The Global Challenges Foundation, the Swedish group that assesses catastrophic risks, made the relevant warning in its annual report.
He says that the threat of using nuclear weapons is the greatest since 1945 when the USA destroyed Hiroshima and Nagasaki.
Simply put, the experts who operate the so-called “Doomsday clock” say that our planet is closer than ever to a nuclear war.
Entering 2022, few would have expected US President Biden to be talking about nuclear destruction, following Russia’s nuclear threats to Ukraine.
At the same time, in 2022, missile tests were permanent in Asia – Kim Jong-un’s drills cause continuous disruption to neighbors, as North Korea is also a nuclear power. U.S. intelligence agencies believe North Korea is ready for a seventh nuclear test.
Meanwhile, Biden has effectively declared dead a deal on Iran’s disputed nuclear project, and tensions between India and Pakistan have remained at low point.
UN Secretary-General Antonio Guterres warned that the planet is “on an avenue to climate hell with our foot on the gas” with last year’s severe flooding in Pakistan, an unprecedented 70-day heatwave in China and the crops failing to bear fruit in the Horn of Africa.
The report by the Global Challenges Foundation warned that a full nuclear weapons exchange, in addition to causing massive loss of life, would cause clouds of dust that would shade the sun, reduce the ability to produce food and usher in “a period of chaos and violence, which the most of the surviving world population would starve to death.”
While a Russian nuclear strike would likely involve small “tactical” nukes, experts fear a rapid escalation if the United States responds.
“Then we’re in a completely different game,” said Benedict, senior adviser to the Bulletin of the Atomic Scientists, which in January will reveal its latest assessment of the “doomsday clock” set at 100 seconds to midnight from 2021.
The 75 years old risk assessment mechanism
The Doomsday Clock, this mechanism for assessing the risks facing humanity was created 75 years ago and is maintained to this day.
It is a warning mechanism intended to warn Humanity that something is very wrong and needs to be fixed. But nothing is fixed and Humanity continues unbroken until “zero hour” (12 o’clock is simultaneously zero hour).
This year was the third year in a row that the hands of the clock showed just 100 seconds before midnight, meaning our planet is much closer to annihilation than it was during the Cold War.
The “Doomsday Clock” was created by the board of the Bulletin of the Atomic Scientists in 1947 as a scientific response to the nuclear threat looming over the globe.
Its basic idea is simple: the closer the minute hand gets to midnight, the closer the panel of sages believe the world is to doom.

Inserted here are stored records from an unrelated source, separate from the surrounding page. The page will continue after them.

text \<open>Writing \<open>U = (U H) g\<close> and \<open>V = g (H V)\<close> below \<open>l\<close>, the bulk of the two double
  sums cancels by the shift symmetry; only the indices whose shift leaves \<open>{..<l}\<close> survive.\<close>

lemma christoffel_darboux_identity:
  fixes g H :: "nat \<Rightarrow> nat \<Rightarrow> 'a::comm_ring_1" and U V :: "nat \<Rightarrow> 'a" and s1 s2 :: "nat \<Rightarrow> nat"
  assumes left_inverse: "\<And>i j. i < l \<Longrightarrow> j < l \<Longrightarrow> (\<Sum>k<l. H i k * g k j) = (if i = j then 1 else 0)"
    and right_inverse: "\<And>i j. i < l \<Longrightarrow> j < l \<Longrightarrow> (\<Sum>k<l. g i k * H k j) = (if i = j then 1 else 0)"
    and shift: "\<And>i j. g (s1 i) j = g i (s2 j)"
  shows "(\<Sum>i<l. \<Sum>j<l. U (s2 i) * H i j * V j) - (\<Sum>i<l. \<Sum>j<l. U i * H i j * V (s1 j)) =
      (\<Sum>b\<in>{i. i < l \<and> l \<le> s2 i}.
         (U (s2 b) - (\<Sum>i<l. \<Sum>j<l. U i * H i j * g j (s2 b))) * (\<Sum>j<l. H b j * V j))
    - (\<Sum>a\<in>{i. i < l \<and> l \<le> s1 i}.
         (\<Sum>i<l. U i * H i a) * (V (s1 a) - (\<Sum>i<l. \<Sum>j<l. g (s1 a) i * H i j * V j)))"
proof -
  define Z where "Z j = (\<Sum>i<l. U i * H i j)" for j
  define W where "W i = (\<Sum>j<l. H i j * V j)" for i
  define ZG where "ZG k = (\<Sum>j<l. Z j * g j k)" for k
  define GW where "GW k = (\<Sum>i<l. g k i * W i)" for k
  define B1 where "B1 = {i. i < l \<and> l \<le> s1 i}"
  define B2 where "B2 = {i. i < l \<and> l \<le> s2 i}"
  have ZG_alt: "(\<Sum>i<l. \<Sum>j<l. U i * H i j * g j k) = ZG k" for k
    unfolding ZG_def Z_def by (subst sum.swap) (simp add: sum_distrib_right)
  have GW_alt: "(\<Sum>i<l. \<Sum>j<l. g k i * H i j * V j) = GW k" for k
    unfolding GW_def W_def by (simp add: sum_distrib_left mult.assoc)
  have ZG_eq: "ZG k = U k" if "k < l" for k
  proof -
    have "ZG k = (\<Sum>i<l. U i * (\<Sum>j<l. H i j * g j k))"
      unfolding ZG_alt[symmetric] by (simp add: sum_distrib_left mult.assoc)
    also have "\<dots> = (\<Sum>i<l. if i = k then U i else 0)"
      using that by (intro sum.cong) (simp_all add: left_inverse)
    finally show ?thesis using that by simp
  qed
  have GW_eq: "GW k = V k" if "k < l" for k
  proof -
    have "GW k = (\<Sum>j<l. (\<Sum>i<l. g k i * H i j) * V j)"
      unfolding GW_alt[symmetric] by (subst sum.swap) (simp add: sum_distrib_right)
    also have "\<dots> = (\<Sum>j<l. if k = j then V j else 0)"
      using that by (intro sum.cong) (simp_all add: right_inverse)
    finally show ?thesis using that by simp
  qed
  have first: "(\<Sum>i<l. \<Sum>j<l. U (s2 i) * H i j * V j)
      = (\<Sum>i<l. ZG (s2 i) * W i) + (\<Sum>i\<in>B2. (U (s2 i) - ZG (s2 i)) * W i)"
  proof -
    have "(\<Sum>i<l. \<Sum>j<l. U (s2 i) * H i j * V j) = (\<Sum>i<l. U (s2 i) * W i)"
      unfolding W_def by (simp add: sum_distrib_left mult.assoc)
    also have "\<dots> = (\<Sum>i<l. ZG (s2 i) * W i) + (\<Sum>i\<in>B2. U (s2 i) * W i - ZG (s2 i) * W i)"
      by (rule sum_eq_sum_plus_correction) (auto simp: B2_def ZG_eq)
    finally show ?thesis by (simp add: left_diff_distrib)
  qed
  have second: "(\<Sum>i<l. \<Sum>j<l. U i * H i j * V (s1 j))
      = (\<Sum>j<l. Z j * GW (s1 j)) + (\<Sum>j\<in>B1. Z j * (V (s1 j) - GW (s1 j)))"
  proof -
    have "(\<Sum>i<l. \<Sum>j<l. U i * H i j * V (s1 j)) = (\<Sum>j<l. Z j * V (s1 j))"
      unfolding Z_def by (subst sum.swap) (simp add: sum_distrib_right)
    also have "\<dots> = (\<Sum>j<l. Z j * GW (s1 j)) + (\<Sum>j\<in>B1. Z j * V (s1 j) - Z j * GW (s1 j))"
      by (rule sum_eq_sum_plus_correction) (auto simp: B1_def GW_eq)
    finally show ?thesis by (simp add: right_diff_distrib)
  qed
  have bulk: "(\<Sum>i<l. ZG (s2 i) * W i) = (\<Sum>j<l. Z j * GW (s1 j))"
  proof -
    have "(\<Sum>i<l. ZG (s2 i) * W i) = (\<Sum>i<l. \<Sum>j<l. Z j * (g j (s2 i) * W i))"
      unfolding ZG_def by (simp add: sum_distrib_right mult.assoc)
    also have "\<dots> = (\<Sum>j<l. \<Sum>i<l. Z j * (g j (s2 i) * W i))"
      by (rule sum.swap)
    finally show ?thesis
      unfolding GW_def shift by (simp add: sum_distrib_left)
  qed
  show ?thesis
    unfolding first second bulk ZG_alt GW_alt Z_def[symmetric] W_def[symmetric]
      B1_def[symmetric] B2_def[symmetric]
    by simp
qed

section \<open>The truncated moment matrix and its Gauss--Borel factorization\<close>

lemma mult_mat_entry_sum:
  assumes "A \<in> carrier_mat l l" "B \<in> carrier_mat l l" "i < l" "j < l"
  shows "(A * B) $$ (i, j) = (\<Sum>k<l. A $$ (i, k) * B $$ (k, j))"
  using assms by (simp add: scalar_prod_def atLeast0LessThan)

lemma truncinv_inverse:
  assumes "det (trunc g l) \<noteq> 0"
  shows "trunc g l * truncinv g l = 1\<^sub>m l" "truncinv g l * trunc g l = 1\<^sub>m l"
    "truncinv g l \<in> carrier_mat l l"
proof -
  have G: "trunc g l \<in> carrier_mat l l" unfolding trunc_def by simp
  obtain B where "mat_inverse (trunc g l) = Some B"
    using mat_inverse(1)[OF G, where b = "()"] det_non_zero_imp_unit[OF G assms, where b = "()"]
    by (cases "mat_inverse (trunc g l)") auto
  then show "trunc g l * truncinv g l = 1\<^sub>m l" "truncinv g l * trunc g l = 1\<^sub>m l"
    "truncinv g l \<in> carrier_mat l l"
    using mat_inverse(2)[OF G] unfolding truncinv_def by auto
qed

In 1991 it was, for example, 17 minutes before midnight, while in 1953 we were just 2 minutes away.
According to the Bulletin, the Clock is not an indicator of the ups and downs of the global struggle for power and authority, as what it actually does is reflect the fundamental changes in the levels of danger facing humanity in our nuclear age.
The “Apocalypse Clock” has certainly not been immune to the criticism that has been leveled against it and many have succeeded against the reversals of its indicators. But also in the very possibility of destruction and its calculation methods.
A 1.4% annual probability of a nuclear incident, for example, might seem a fairly accurate number, but the estimate is based on a list of possible factors and loose correlations, the Clock’s fanatics claim.
It is of course important to keep in mind that the clock does not aim for absolute accuracy. It is a symbolic structure for the levels of danger humanity faces in nuclear primarily terms and, as the scientists say, the purpose behind its operation is “to inform the public about threats to the survival and development of humanity”.
The Bulletin takes many factors into account in setting its Clock indicators: nuclear threats, climate change, bio-security and bio-terrorism indicators, even cyber-warfare incidents and developments in artificial intelligence. That’s why the pointers are constantly “jumping” and moving away from or approaching midnight.
In 1947, for example, we were 7 minutes from midnight because of the high risk of a nuclear conflict. In 1949 the hands locked at 3 minutes, when the Soviet Union tested its first atomic bomb.
In 1952 the markers touched the historic two minutes from midnight, when the US created the hydrogen bomb.
In 1963, when nuclear testing in the atmosphere ended, the Clock went to 12 minutes, but fell to 3 minutes in 1984, when the Cold War reached new year-long highs.
When Cold War polarization ended in 1991 with the collapse of the USSR, the world was relieved. So did the Doom Clock which went to 17 minutes from the end.
In 2015, however, it fell to 3 minutes before midnight, due to the modernization of the nuclear arsenal and the excess of nuclear weapons.
In 2016 the clock remained stable at 3 minutes as the dangers threatening the universe continued to be many: terrorism, nuclear threats and cyberwar while in 2022 it stopped at 100 seconds.